O ministro Gilmar Mendes já afirmou, em pleno auge da Operação Lava Jato, que o Brasil vivia uma “cleptocracia”. A palavra, difícil para alguns, mas precisa para muitos, significa literalmente o “governo dos ladrões”: um sistema no qual os líderes usam o poder público para enriquecer, desviar recursos e manipular instituições em benefício próprio. Curioso é que o próprio Gilmar, anos depois, mudou de opinião — abandonou o discurso anticorrupção, passou a atacar a Lava Jato e hoje integra o círculo de garantistas que orbitam o governo Lula 3.
Mas a pergunta é: a cleptocracia acabou? Ou apenas trocou de roupa e aprendeu a disfarçar melhor? Basta olhar o que está sendo revelado pela CPMI do INSS para perceber que o diagnóstico de Gilmar ainda faz sentido. O escândalo que envolve o Instituto responsável por proteger aposentados e pensionistas se desenha como mais um capítulo vergonhoso de um país que parece nunca aprender com os próprios crimes.
De acordo com as investigações, foi instalada dentro do Instituto Nacional do Seguro Social uma verdadeira organização criminosa, com métodos, hierarquia e divisão de lucros dignos das facções mais lucrativas do planeta. O esquema, segundo o relator da CPMI, beneficiava desde pequenos intermediários até diretores, sindicatos, associações e figuras de alto escalão do poder público. O resultado: milhares de aposentados e pensionistas lesados e milhões de reais desviados do erário.
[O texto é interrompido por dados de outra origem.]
(* Let $u,l\ge1$, $m=lu$, and let $1\le K\le N$ be integers with $K/N\ge2^{-u}+\frac1N$. Consider any erasure pattern in which the total number $e$ of erased modulation symbols satisfies $e\le (N-K+1)/(1-2^{-u})$. Then under the proportional multiplicity assignment (with any $M>0$) the ASD sufficient condition $S\ge\sqrt{2(K-1)C}$ holds; i.e., ASD under PMAS is guaranteed to decode up to $(N-K+1)/(1-2^{-u})$ erasure events.
   Context: Setting (RS coded modulation over an erasure channel): a Reed–Solomon code of length $N$ and dimension $K$ over $GF(2^m)$ with $m=lu$; each RS symbol is transmitted as $l$ modulation symbols ($2^u$-ary QAM or PSK), each carrying $u$ bits, and the channel erases modulation symbols ("erasure events"). An RS symbol in which $b_j\in\{0,\dots,l\}$ modulation symbols are erased is consistent with $2^{ub_j}$ candidate symbols. The proportional multiplicity assignment (PMAS) gives each such candidate multiplicity $M2^{-ub_j}$; the score is $S=\sum_j M2^{-ub_j}$ and the (approximate) cost is $C=\frac12\sum_j2^{ub_j}(M2^{-ub_j})^2$. *)

theory Defs
  imports Complex_Main
begin

text \<open>RS symbols are indexed by j < N; b j is the number of erased modulation
symbols (out of l) in RS symbol j. Each of the 2^(u b_j) candidate symbols gets
PMAS multiplicity M 2^(-u b_j).\<close>

definition pmas_mult :: "nat \<Rightarrow> real \<Rightarrow> nat \<Rightarrow> real" where
  "pmas_mult u M bj = M * 2 powr (- (real u * real bj))"

definition pmas_score :: "nat \<Rightarrow> real \<Rightarrow> (nat \<Rightarrow> nat) \<Rightarrow> nat \<Rightarrow> real" where
  "pmas_score u M b N = (\<Sum>j<N. pmas_mult u M (b j))"

definition pmas_cost :: "nat \<Rightarrow> real \<Rightarrow> (nat \<Rightarrow> nat) \<Rightarrow> nat \<Rightarrow> real" where
  "pmas_cost u M b N =
     1/2 * (\<Sum>j<N. 2 powr (real u * real (b j)) * (pmas_mult u M (b j))^2)"

end

theory Submission
  imports Defs
begin

text \<open>Write q = 2^(-u) and X = \<Sum> q^(b j) over the N RS symbols. Under PMAS the score
is M X and the cost is M^2 X / 2, so the condition S \<ge> sqrt (2 (K - 1) C) reduces to
X \<ge> K - 1. Bernoulli's inequality q^b \<ge> 1 - (1 - q) b gives X \<ge> N - (1 - q) e, and the
bound on the number e of erasures makes this at least K - 1.\<close>

lemma pmas_mult_eq_power: "pmas_mult u M bj = M * (2 powr - real u) ^ bj"
proof -
  have "(2::real) powr - (real u * real bj) = (2 powr - real u) powr real bj"
    by (simp add: powr_powr)
  then show ?thesis
    by (simp add: pmas_mult_def powr_realpow)
qed

lemma pmas_cost_term_eq_power:
  "2 powr (real u * real bj) * (pmas_mult u M bj)\<^sup>2 = M\<^sup>2 * (2 powr - real u) ^ bj"
proof -
  have "2 powr (real u * real bj) * (pmas_mult u M bj)\<^sup>2
      = M\<^sup>2 * (2 powr (real u * real bj) * 2 powr - (real u * real bj)) * 2 powr - (real u * real bj)"
    by (simp add: pmas_mult_def power2_eq_square algebra_simps)
  also have "\<dots> = M\<^sup>2 * 2 powr - (real u * real bj)"
    by (simp add: powr_add [symmetric])
  finally show ?thesis
    using pmas_mult_eq_power [of u M bj] by (simp add: pmas_mult_def)
qed

lemma pmas_score_eq_sum_power:
  "pmas_score u M b N = M * (\<Sum>j<N. (2 powr - real u) ^ b j)"
  by (simp add: pmas_score_def pmas_mult_eq_power sum_distrib_left)

lemma pmas_cost_eq_sum_power:
  "pmas_cost u M b N = M\<^sup>2 / 2 * (\<Sum>j<N. (2 powr - real u) ^ b j)"
  by (simp add: pmas_cost_def pmas_cost_term_eq_power sum_distrib_left)

lemma sum_power_ge_card_minus_sum:
  fixes q :: real
  assumes "0 \<le> q"
  shows "real (card A) - (1 - q) * real (\<Sum>j\<in>A. b j) \<le> (\<Sum>j\<in>A. q ^ b j)"
proof -
  have "real (card A) - (1 - q) * real (\<Sum>j\<in>A. b j) = (\<Sum>j\<in>A. 1 - (1 - q) * real (b j))"
    by (simp add: sum_subtractf sum_distrib_left)
  also have "\<dots> = (\<Sum>j\<in>A. 1 + real (b j) * (q - 1))"
    by (simp add: algebra_simps)
  also have "\<dots> \<le> (\<Sum>j\<in>A. (1 + (q - 1)) ^ b j)"
    using assms by (intro sum_mono Bernoulli_inequality) simp
  finally show ?thesis by simp
qed

lemma sqrt_mult_square_le:
  fixes k X c :: real
  assumes "0 \<le> k" and "k \<le> X" and "0 \<le> c"
  shows "sqrt (k * (c\<^sup>2 * X)) \<le> c * X"
proof (rule real_le_lsqrt)
  show "0 \<le> c * X" using assms by simp
  have "k * (c\<^sup>2 * X) \<le> X * (c\<^sup>2 * X)"
    using assms by (intro mult_right_mono) auto
  then show "k * (c\<^sup>2 * X) \<le> (c * X)\<^sup>2"
    by (simp add: power2_eq_square algebra_simps)
qed

theorem theorem3:
  fixes u l m N K :: nat and b :: "nat \<Rightarrow> nat" and M :: real
  assumes "u \<ge> 1" and "l \<ge> 1" and "m = l * u"
    and "1 \<le> K" and "K \<le> N"
    and "real K / real N \<ge> 2 powr (- real u) + 1 / real N"
    and "\<forall>j<N. b j \<le> l"
    and "real (\<Sum>j<N. b j) \<le> (real N - real K + 1) / (1 - 2 powr (- real u))"
    and "M > 0"
  shows "pmas_score u M b N \<ge> sqrt (2 * (real K - 1) * pmas_cost u M b N)"
proof -
  define q :: real where "q = 2 powr - real u"
  define X where "X = (\<Sum>j<N. q ^ b j)"
  have "q < 1"
    unfolding q_def using \<open>u \<ge> 1\<close> by (simp add: powr_less_one)
  then have "(1 - q) * real (\<Sum>j<N. b j) \<le> real N - real K + 1"
    using assms(8) by (simp add: q_def field_simps)
  moreover have "real N - (1 - q) * real (\<Sum>j<N. b j) \<le> X"
    using sum_power_ge_card_minus_sum [of q "{..<N}" b] by (simp add: q_def X_def)
  ultimately have "real K - 1 \<le> X" by linarith
  then have "sqrt ((real K - 1) * (M\<^sup>2 * X)) \<le> M * X"
    using \<open>1 \<le> K\<close> \<open>M > 0\<close> by (intro sqrt_mult_square_le) auto
  moreover have "2 * (real K - 1) * pmas_cost u M b N = (real K - 1) * (M\<^sup>2 * X)"
    by (simp add: pmas_cost_eq_sum_power q_def X_def)
  ultimately show ?thesis
    by (simp add: pmas_score_eq_sum_power q_def X_def)
qed

end
lemma negligible_basic_weights_square:
  assumes N: "N > 0" and dvd: "x^2 * y dvd N" and x: "square_one m par x"
  shows "negligible m par (\<lambda>i. basic_weights N (x^2 * y) i - basic_weights N y i)"
proof -
  have x0: "x > 0" and m: "m dvd (int x)^2 - 1"
    using x dvd N by (auto simp: square_one_def intro: Nat.gr0I)
  have "(int (x^2))^2 - 1 = ((int x)^2 - 1) * ((int x)^2 + 1)"
    by (simp add: power2_eq_square algebra_simps)
  then have "square_one m par (x^2)"
    using x by (simp add: square_one_def)
  then have mult: "negligible m par (\<lambda>i. basic_weights N (x^2 * y) i - basic_weights N (x^2) i
                                        - int (x^2) * basic_weights N y i)"
    by (rule negligible_basic_weights_mult[OF N dvd])
  obtain K where K: "N = x^2 * K" using dvd dvd_mult_left by blast
  have "basic_weights N (x^2) 1 = int K * (1 - (int x)^2)"
    using K x0 unfolding basic_weights_1 by (simp add: algebra_simps)
  moreover have "m dvd int K * (1 - (int x)^2)"
    using m by (simp add: dvd_diff_commute)
  moreover have "even (basic_weights N (x^2) p)" if "prime p" for p
    using that x0 by (simp add: basic_weights_prime prime_elem_multiplicity_power_distrib)
  ultimately have square: "negligible m par (basic_weights N (x^2))"
    using m by (simp add: negligible_def basic_weights_0)
  have "negligible m par (\<lambda>i. ((int x)^2 - 1) * basic_weights N y i)"
    using m x by (simp add: negligible_def square_one_def)
  from negligible_add[OF negligible_add[OF mult square] this] show ?thesis
    by (simp add: algebra_simps)
qed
O relator da CPMI, deputado Alfredo Gaspar (União-AL) — ex-procurador de Justiça e ex-secretário de Segurança de Alagoas —, foi direto ao ponto: “Se o Careca do INSS abrir a boca, a República cai”. A frase não é apenas uma hipérbole política; é um grito de alerta. Significa que o esquema pode ter ramificações que alcançam ministros, dirigentes partidários e até pessoas do entorno da Presidência da República.
Em entrevista ao jornalista Magno Martins, Gaspar reforçou: “Ouça o que eu digo, ele não falou nada na CPMI, até porque se falasse não sobraria pedra sobre pedra”. A contundência da fala traduz o tamanho da bomba-relógio que repousa nas celas da Papuda, onde o lobista Antônio Carlos Camilo Antunes, o famoso “Careca do INSS”, cumpre ordem judicial determinada pelo ministro André Mendonça, relator do caso no Supremo Tribunal Federal.
O “Careca”, segundo relatos de bastidores, seria o elo entre políticos, empresários, servidores e sindicatos. Um operador experiente, capaz de articular contratos fraudulentos, manipular dados e “lubrificar” engrenagens burocráticas com propinas milionárias. A transferência dele para o Complexo Penitenciário da Papuda acendeu o sinal de alerta: o medo de que ele fale — e revele demais.
A cada nova sessão da CPMI, surgem novos indícios de um sistema de corrupção enraizado e protegido por camadas de impunidade. As investigações já apontam conexões com empresas fantasmas, servidores fantasmas e contratos superfaturados. É um retrato cruel de um Estado que parece funcionar não para o cidadão, mas contra ele.
Enquanto isso, os discursos moralistas e as promessas de “nova política” evaporam diante da realidade. O governo finge surpresa, o Congresso se cala e os órgãos de controle seguem cautelosos demais para não desagradar quem detém o poder. E a sociedade, anestesiada, observa mais um escândalo se arrastar pelas manchetes até cair no esquecimento.
O que o caso do INSS mostra é que a cleptocracia nunca foi embora. Ela apenas se adaptou. Mudou os rostos, modernizou os esquemas, digitalizou as fraudes e aprendeu a operar de terno e gravata, em gabinetes climatizados e com respaldo jurídico. Talvez Gilmar Mendes estivesse mais certo do que imaginava. O Brasil continua sendo governado por ladrões — a diferença é que agora eles têm crachá, cargo comissionado e discurso de ética na ponta da língua.